Realtime WebSocket events

The Realtime WebSocket API creates a real-time speech translation session over a single WebSocket connection. The client sends a session configuration first, then streams microphone audio with JSON events that contain base64-encoded audio. The server responds with session lifecycle events, transcripts, translated text, and translated audio. For the interactive WebSocket playground, see Realtime (WebSocket).

Endpoint

GET /v1/realtime?model=lilac
Host: realtime.camb.ai
x-api-key: <YOUR_API_KEY>

The request upgrades to a WebSocket connection. The model query parameter is optional.

Model	Notes
`lilac`	Default model.
`violet`	Supported realtime model.
`iris`	Supported realtime model.
`orchid`	Supported realtime model.

If session.update.session.model is omitted, the server uses the model query parameter. If both are omitted, the server uses lilac.

Session lifecycle

Open the WebSocket

Connect to wss://realtime.camb.ai/v1/realtime. Send your API key in the x-api-key request header when your WebSocket client supports custom headers.

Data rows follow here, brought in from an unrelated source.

(* Let $N$ be an odd prime and let $M=(N-1)/2$. Then for every integer $r$ with $0<r\le M$, the inverse problem $\mathrm{IP}(N,r,1)$ is uniquely solvable; that is, for any two distinct vectors ${\tt x},{\tt y}\in\Omega(N,r)$ one has $\tilde{x}_1\neq\tilde{y}_1$.
   Context: For a vector ${\tt v}=(v_1,\dots,v_N)$ of odd length $N>1$, its discrete Fourier transform (DFT) coefficients are $\tilde{v}_m=\sum_{n=1}^N v_n e^{\mathrm{i}\xi m n}$ with $\xi=2\pi/N$, for integers $m$. A vector is binary if all its entries are $0$ or $1$. $\Omega(N,r)$ denotes the set of binary vectors of length $N$ containing exactly $r$ ones (popcount $r$), so $\tilde{x}_0=r$ for ${\tt x}\in\Omega(N,r)$. For $1\le L\le M=(N-1)/2$, two vectors ${\tt x},{\tt y}\in\Omega(N,r)$ are called $L$-distinguishable if $\tilde{x}_m\neq\tilde{y}_m$ for some $m\in\{1,\dots,L\}$, and $L$-indistinguishable otherwise. The inverse problem $\mathrm{IP}(N,r,L)$ (recovering ${\tt x}\in\Omega(N,r)$ from $\tilde{x}_1,\dots,\tilde{x}_L$) is called uniquely solvable if all pairs of distinct vectors in $\Omega(N,r)$ are $L$-distinguishable. *)

theory Defs
  imports "HOL-Analysis.Analysis"
begin

text \<open>A vector v = (v_1,...,v_N) is represented as a list of length N, with v_n = v ! (n-1).\<close>

definition dft_coeff :: "real list \<Rightarrow> int \<Rightarrow> complex" where
  "dft_coeff v m = (\<Sum>n = 1..length v.
      complex_of_real (v ! (n - 1)) *
      exp (\<i> * complex_of_real (2 * pi / real (length v)) * of_int m * of_nat n))"

definition Omega :: "nat \<Rightarrow> nat \<Rightarrow> real list set" where
  "Omega N r = {x. length x = N \<and> set x \<subseteq> {0, 1} \<and> length (filter (\<lambda>a. a = 1) x) = r}"

definition L_distinguishable :: "nat \<Rightarrow> real list \<Rightarrow> real list \<Rightarrow> bool" where
  "L_distinguishable L x y = (\<exists>m::int. 1 \<le> m \<and> m \<le> int L \<and> dft_coeff x m \<noteq> dft_coeff y m)"

definition IP_uniquely_solvable :: "nat \<Rightarrow> nat \<Rightarrow> nat \<Rightarrow> bool" where
  "IP_uniquely_solvable N r L =
     (\<forall>x\<in>Omega N r. \<forall>y\<in>Omega N r. x \<noteq> y \<longrightarrow> L_distinguishable L x y)"

end

(* If x and y in Omega(N, r) had the same first DFT coefficient, then with
   z = exp(2 pi i / N) the differences d_k = x_k - y_k in {-1, 0, 1} would satisfy
   sum_{k<N} d_k z^k = 0. For prime N the polynomial 1 + X + ... + X^(N-1) is
   irreducible over Q (Eisenstein at N after substituting X + 1, and Gauss' lemma),
   so it is the minimal polynomial of z and divides sum_k d_k X^k; comparing degrees,
   all d_k are equal. Since x and y have the same number of ones, sum_k d_k = 0, so
   all d_k vanish. *)

theory Submission
  imports Defs "Berlekamp_Zassenhaus.Factor_Bound"
begin

lemma eisenstein_factor_degree_0:
  fixes F f g :: "'a :: idom poly"
  assumes p: "prime_elem p" and F: "F = f * g"
    and dvd_coeff: "\<forall>k<degree F. p dvd poly.coeff F k"
    and not_dvd_lead: "\<not> p dvd lead_coeff F"
    and not_dvd_g0: "\<not> p dvd poly.coeff g 0"
  shows "degree g = 0"
proof (rule ccontr)
  assume "degree g \<noteq> 0"
  have "f \<noteq> 0" "g \<noteq> 0" using not_dvd_lead F by auto
  then have deg_F: "degree F = degree f + degree g" using F by (simp add: degree_mult_eq)
  have "\<not> p dvd lead_coeff f" using not_dvd_lead F by (auto simp: lead_coeff_mult)
  \<comment> \<open>If g is not constant, p divides the coefficient of X^k in F,
    which is f_k g_0 modulo p.\<close>
  define k where "k = (LEAST k. \<not> p dvd poly.coeff f k)"
  have not_dvd_fk: "\<not> p dvd poly.coeff f k"
    unfolding k_def by (rule LeastI[of _ "degree f"]) fact
  have dvd_below_k: "p dvd poly.coeff f i" if "i < k" for i
    using not_less_Least[OF that[unfolded k_def]] by blast
  have "k \<le> degree f" unfolding k_def by (rule Least_le) fact
  then have "p dvd poly.coeff F k" using dvd_coeff deg_F \<open>degree g \<noteq> 0\<close> by simp
  moreover have "poly.coeff F k =
      (\<Sum>i<k. poly.coeff f i * poly.coeff g (k - i)) + poly.coeff f k * poly.coeff g 0"
    by (simp add: F coeff_mult lessThan_Suc_atMost[symmetric])
  moreover have "p dvd (\<Sum>i<k. poly.coeff f i * poly.coeff g (k - i))"
    using dvd_below_k by (auto intro!: dvd_sum dvd_mult2)
  ultimately have "p dvd poly.coeff f k * poly.coeff g 0" by (simp add: dvd_add_right_iff)
  then show False using p not_dvd_fk not_dvd_g0 by (simp add: prime_elem_dvd_mult_iff)
qed

lemma eisenstein_irreducible\<^sub>d:
  fixes F :: "'a :: idom poly"
  assumes p: "prime_elem p" and "degree F > 0"
    and dvd_coeff: "\<forall>k<degree F. p dvd poly.coeff F k"
    and not_dvd_lead: "\<not> p dvd lead_coeff F"
    and not_sq_dvd_0: "\<not> p\<^sup>2 dvd poly.coeff F 0"
  shows "irreducible\<^sub>d F"
proof
  fix f g assume "degree f > 0" "degree g > 0" and F: "F = f * g"
  have "p dvd poly.coeff F 0" using dvd_coeff \<open>degree F > 0\<close> by blast
  then have "p dvd poly.coeff f 0 * poly.coeff g 0" by (simp add: F coeff_mult_0)
  moreover have "\<not> (p dvd poly.coeff f 0 \<and> p dvd poly.coeff g 0)"
    using not_sq_dvd_0 by (auto simp: F coeff_mult_0 power2_eq_square mult_dvd_mono)
  ultimately have "\<not> p dvd poly.coeff g 0 \<or> \<not> p dvd poly.coeff f 0"
    using p by (auto simp: prime_elem_dvd_mult_iff)
  then show False
    using eisenstein_factor_degree_0[OF p F dvd_coeff not_dvd_lead]
      eisenstein_factor_degree_0[OF p _ dvd_coeff not_dvd_lead, of g f] F
      \<open>degree f > 0\<close> \<open>degree g > 0\<close> by (auto simp: mult.commute)
qed (fact)

lemma irreducible\<^sub>d_pcompose_linear:
  fixes F q :: "'a :: idom poly"
  assumes "irreducible\<^sub>d (F \<circ>\<^sub>p q)" and "degree q = 1"
  shows "irreducible\<^sub>d F"
proof
  show "degree F > 0" using assms by (auto simp: irreducible\<^sub>d_def)
  fix f g assume "degree f < degree F" "degree g < degree F" and F: "F = f * g"
  have "F \<circ>\<^sub>p q = f \<circ>\<^sub>p q * g \<circ>\<^sub>p q" by (simp add: F pcompose_mult)
  then show False
    using irreducible\<^sub>dD(2)[OF assms(1), of "f \<circ>\<^sub>p q" "g \<circ>\<^sub>p q"] assms(2)
      \<open>degree f < degree F\<close> \<open>degree g < degree F\<close> by simp
qed

definition geom_poly :: "nat \<Rightarrow> 'a :: comm_semiring_1 poly" where
  "geom_poly n = (\<Sum>k<n. Polynomial.monom 1 k)"

lemma coeff_geom_poly: "poly.coeff (geom_poly n) k = (if k < n then 1 else 0)"
  unfolding geom_poly_def by (simp add: coeff_sum)

lemma poly_geom_poly: "poly (geom_poly n) x = (\<Sum>k<n. x ^ k)"
  unfolding geom_poly_def by (simp add: poly_sum poly_monom)

lemma degree_geom_poly: "n > 0 \<Longrightarrow> degree (geom_poly n) = n - 1"
  by (rule antisym) (auto intro!: degree_le le_degree simp: coeff_geom_poly)

lemma map_poly_geom_poly:
  "f 0 = 0 \<Longrightarrow> f 1 = 1 \<Longrightarrow> map_poly f (geom_poly n) = geom_poly n"
  by (rule poly_eqI) (simp add: coeff_map_poly coeff_geom_poly)

lemma coeff_geom_poly_pcompose_plus_1:
  assumes "k < n"
  shows "poly.coeff (geom_poly n \<circ>\<^sub>p [:1, 1:]) k =
    (of_nat (n choose Suc k) :: 'a :: {idom, ring_char_0})"
proof -
  have "pCons 0 (geom_poly n \<circ>\<^sub>p [:1, 1:]) = [:1, 1:] ^ n - (1 :: 'a poly)"
  proof (rule poly_eq_poly_eq_iff[THEN iffD1, OF ext])
    fix x :: 'a
    have "1 - (1 + x) ^ n = (1 - (1 + x)) * (\<Sum>i<n. (1 + x) ^ i)" by (rule one_diff_power_eq)
    then show "poly (pCons 0 (geom_poly n \<circ>\<^sub>p [:1, 1:])) x = poly ([:1, 1:] ^ n - 1) x"
      by (simp add: poly_pcompose poly_geom_poly algebra_simps)
  qed
  from arg_cong[OF this, of "\<lambda>p. poly.coeff p (Suc k)"] show ?thesis
    using coeff_linear_poly_power[of "Suc k" n "1::'a" 1] assms by simp
qed

lemma irreducible\<^sub>d_geom_poly_prime:
  assumes "prime p"
  shows "irreducible\<^sub>d (geom_poly p :: int poly)"
proof (rule irreducible\<^sub>d_pcompose_linear)
  let ?F = "geom_poly p \<circ>\<^sub>p [:1, 1:] :: int poly"
  have "p \<ge> 2" using assms by (rule prime_ge_2_nat)
  then have deg: "degree ?F = p - 1" by (simp add: degree_geom_poly)
  have coeff_F: "poly.coeff ?F k = int (p choose Suc k)" if "k < p" for k
    using coeff_geom_poly_pcompose_plus_1[OF that] by simp
  show "irreducible\<^sub>d ?F"
  proof (rule eisenstein_irreducible\<^sub>d)
    show "prime_elem (int p)"
      using assms prime_nat_int_transfer[of p] unfolding prime_def by blast
    show "degree ?F > 0" using deg \<open>p \<ge> 2\<close> by simp
    show "\<forall>k<degree ?F. int p dvd poly.coeff ?F k"
      using deg coeff_F assms by (auto intro: dvd_choose_prime)
    show "\<not> int p dvd lead_coeff ?F"
      using deg coeff_F[of "p - 1"] \<open>p \<ge> 2\<close> by simp
    show "\<not> (int p)\<^sup>2 dvd poly.coeff ?F 0"
      using coeff_F[of 0] \<open>p \<ge> 2\<close> by (simp add: power2_eq_square)
  qed
qed simp

lemma irreducible_geom_poly_prime:
  assumes "prime p"
  shows "irreducible (geom_poly p :: rat poly)"
  using irreducible\<^sub>d_int_rat[OF irreducible\<^sub>d_geom_poly_prime[OF assms]]
  by (simp add: map_poly_geom_poly)

lemma irreducible_dvd_if_common_root:
  fixes P Q :: "rat poly" and z :: "'a :: field_char_0"
  assumes "irreducible Q"
    and "poly (map_poly of_rat Q) z = 0" and "poly (map_poly of_rat P) z = 0"
  shows "Q dvd P"
proof (rule ccontr)
  interpret map_poly_idom_hom "of_rat :: rat \<Rightarrow> 'a" ..
  assume "\<not> Q dvd P"
  then have "coprime Q P"
    using assms(1) by (simp add: irreducible_imp_prime_elem prime_elem_imp_coprime)
  then have "fst (bezout_coefficients Q P) * Q + snd (bezout_coefficients Q P) * P = 1"
    using bezout_coefficients_fst_snd[of Q P] by simp
  from arg_cong[OF this, of "\<lambda>R. poly (map_poly of_rat R) z"] show False
    using assms(2,3) by (simp add: hom_add hom_mult)
qed

lemma rational_relation_prime_root_of_unity:
  fixes z :: "'a :: field_char_0" and c :: "nat \<Rightarrow> 'a"
  assumes "prime N" and "z ^ N = 1" and "z \<noteq> 1"
    and rat: "\<forall>k<N. c k \<in> \<rat>" and rel: "(\<Sum>k<N. c k * z ^ k) = 0"
    and "j < N" and "k < N"
  shows "c j = c k"
proof -
  interpret map_poly_idom_hom "of_rat :: rat \<Rightarrow> 'a" ..
  have "\<forall>k<N. \<exists>r. c k = of_rat r" using rat by (auto elim: Rats_cases)
  then obtain q where q: "\<And>k. k < N \<Longrightarrow> c k = of_rat (q k)" by metis
  define P where "P = (\<Sum>k<N. Polynomial.monom (q k) k)"
  have coeff_P: "poly.coeff P i = (if i < N then q i else 0)" for i
    by (simp add: P_def coeff_sum)
  have "poly (map_poly of_rat P) z = 0"
    using rel q by (simp add: P_def hom_sum poly_sum poly_monom)
  moreover have "poly (map_poly of_rat (geom_poly N)) z = 0"
    using assms(2,3) by (simp add: map_poly_geom_poly poly_geom_poly sum_gp_strict)
  ultimately have "geom_poly N dvd P"
    using irreducible_dvd_if_common_root irreducible_geom_poly_prime[OF assms(1)] by blast
  then obtain R where P_eq: "P = geom_poly N * R" by (elim dvdE)
  have "N > 0" using assms(1) prime_gt_0_nat by blast
  then have "poly.coeff (geom_poly N :: rat poly) 0 = 1" by (simp add: coeff_geom_poly)
  then have "geom_poly N \<noteq> (0 :: rat poly)" by auto
  have "degree R = 0"
  proof (rule ccontr)
    assume "degree R \<noteq> 0"
    then have "R \<noteq> 0" by auto
    then have "degree P = N - 1 + degree R"
      using P_eq \<open>N > 0\<close> \<open>geom_poly N \<noteq> 0\<close>
      by (simp add: degree_mult_eq degree_geom_poly)
    moreover have "degree P \<le> N - 1" by (rule degree_le) (auto simp: coeff_P)
    ultimately show False using \<open>degree R \<noteq> 0\<close> by simp
  qed
  then obtain a where "R = [:a:]" by (elim degree_eq_zeroE)
  then have "q i = a" if "i < N" for i
    using coeff_P[of i] P_eq that by (simp add: coeff_geom_poly)
  then show ?thesis using q \<open>j < N\<close> \<open>k < N\<close> by simp
qed

lemma dft_coeff_1_eq:
  fixes v :: "real list"
  defines "z \<equiv> exp (2 * of_real pi * \<i> / of_nat (length v))"
  shows "dft_coeff v 1 = z * (\<Sum>k<length v. of_real (v ! k) * z ^ k)"
proof -
  have "exp (\<i> * complex_of_real (2 * pi / real (length v)) * of_int 1 * of_nat n) = z ^ n" for n
    unfolding z_def exp_of_nat_mult[symmetric] by (simp add: field_simps)
  then have "dft_coeff v 1 = (\<Sum>n = 1..length v. of_real (v ! (n - 1)) * z ^ n)"
    by (simp add: dft_coeff_def)
  also have "\<dots> = (\<Sum>k<length v. of_real (v ! k) * z ^ Suc k)"
    by (simp add: sum.atLeast1_atMost_eq)
  finally show ?thesis by (simp add: sum_distrib_left algebra_simps)
qed

lemma dft_coeff_1_inj_prime_length:
  fixes x y :: "real list"
  assumes prime: "prime (length x)" and len: "length y = length x"
    and "set x \<subseteq> \<rat>" and "set y \<subseteq> \<rat>" and sum_eq: "sum_list x = sum_list y"
    and dft_eq: "dft_coeff x 1 = dft_coeff y 1"
  shows "x = y"
proof -
  define N where "N = length x"
  define z :: complex where "z = exp (2 * of_real pi * \<i> / of_nat N)"
  define c :: "nat \<Rightarrow> complex" where "c k = of_real (x ! k - y ! k)" for k
  have "N > 1" using prime prime_gt_1_nat N_def by blast
  have "z ^ N = 1" using \<open>N > 1\<close> by (simp add: z_def exp_of_nat_mult[symmetric] exp_two_pi_i)
  have "z \<noteq> 1" using complex_root_unity_eq_1[of N 1] \<open>N > 1\<close> by (simp add: z_def)
  have rat: "\<forall>k<N. c k \<in> \<rat>"
  proof (intro allI impI)
    fix k assume "k < N"
    then have "x ! k \<in> \<rat>" "y ! k \<in> \<rat>" using assms(3,4) len nth_mem by (auto simp: N_def)
    then show "c k \<in> \<rat>" unfolding c_def Rats_complex_of_real_iff by (rule Rats_diff)
  qed
  have "z * (\<Sum>k<N. c k * z ^ k) = 0"
    using dft_eq dft_coeff_1_eq[of x] dft_coeff_1_eq[of y] len
    by (simp add: c_def N_def z_def sum_subtractf algebra_simps)
  then have rel: "(\<Sum>k<N. c k * z ^ k) = 0" by (simp add: z_def)
  have c_const: "c k = c 0" if "k < N" for k
    by (rule rational_relation_prime_root_of_unity[OF prime[folded N_def]
          \<open>z ^ N = 1\<close> \<open>z \<noteq> 1\<close> rat rel that])
      (use \<open>N > 1\<close> in simp)
  have "(\<Sum>k<N. c k) = 0"
    using sum_eq len
    by (simp add: c_def N_def sum_list_sum_nth atLeast0LessThan sum_subtractf flip: of_real_sum)
  moreover have "(\<Sum>k<N. c k) = (\<Sum>k<N. c 0)" by (rule sum.cong) (auto intro: c_const)
  ultimately have "c 0 = 0" using \<open>N > 1\<close> by simp
  then have "x ! k = y ! k" if "k < N" for k
    using c_const[OF that] by (simp add: c_def)
  then show "x = y" using len by (auto simp: N_def intro: nth_equalityI)
qed

lemma sum_list_binary:
  "set x \<subseteq> {0, 1} \<Longrightarrow> sum_list x = real (length (filter (\<lambda>a. a = 1) x))"
  by (induction x) auto

theorem theorem1:
  fixes N r :: nat
  assumes "prime N" and "odd N"
    and "0 < r" and "r \<le> (N - 1) div 2"
  shows "IP_uniquely_solvable N r 1"
  unfolding IP_uniquely_solvable_def L_distinguishable_def
proof (intro ballI impI)
  fix x y assume "x \<in> Omega N r" "y \<in> Omega N r" "x \<noteq> y"
  then have "length x = N" "length y = N" "set x \<subseteq> \<rat>" "set y \<subseteq> \<rat>"
    and "sum_list x = sum_list y"
    by (auto simp: Omega_def sum_list_binary)
  then have "dft_coeff x 1 \<noteq> dft_coeff y 1"
    using dft_coeff_1_inj_prime_length \<open>prime N\<close> \<open>x \<noteq> y\<close> by metis
  then show "\<exists>m. 1 \<le> m \<and> m \<le> int 1 \<and> dft_coeff x m \<noteq> dft_coeff y m" by auto
qed

end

Send `session.update` first

The first WebSocket message must be a JSON session.update event. The server waits up to 10 seconds for this initial event.

Wait for session activation

After authorization and activation, the server sends session.created, followed by session.updated.

Stream microphone audio

Send base64-encoded audio chunks with input_audio_buffer.append. The server forwards decoded audio bytes into the realtime pipeline.

Read realtime output

The server emits completed input transcripts, translated text deltas, final translated text, translated audio chunks, and audio completion events.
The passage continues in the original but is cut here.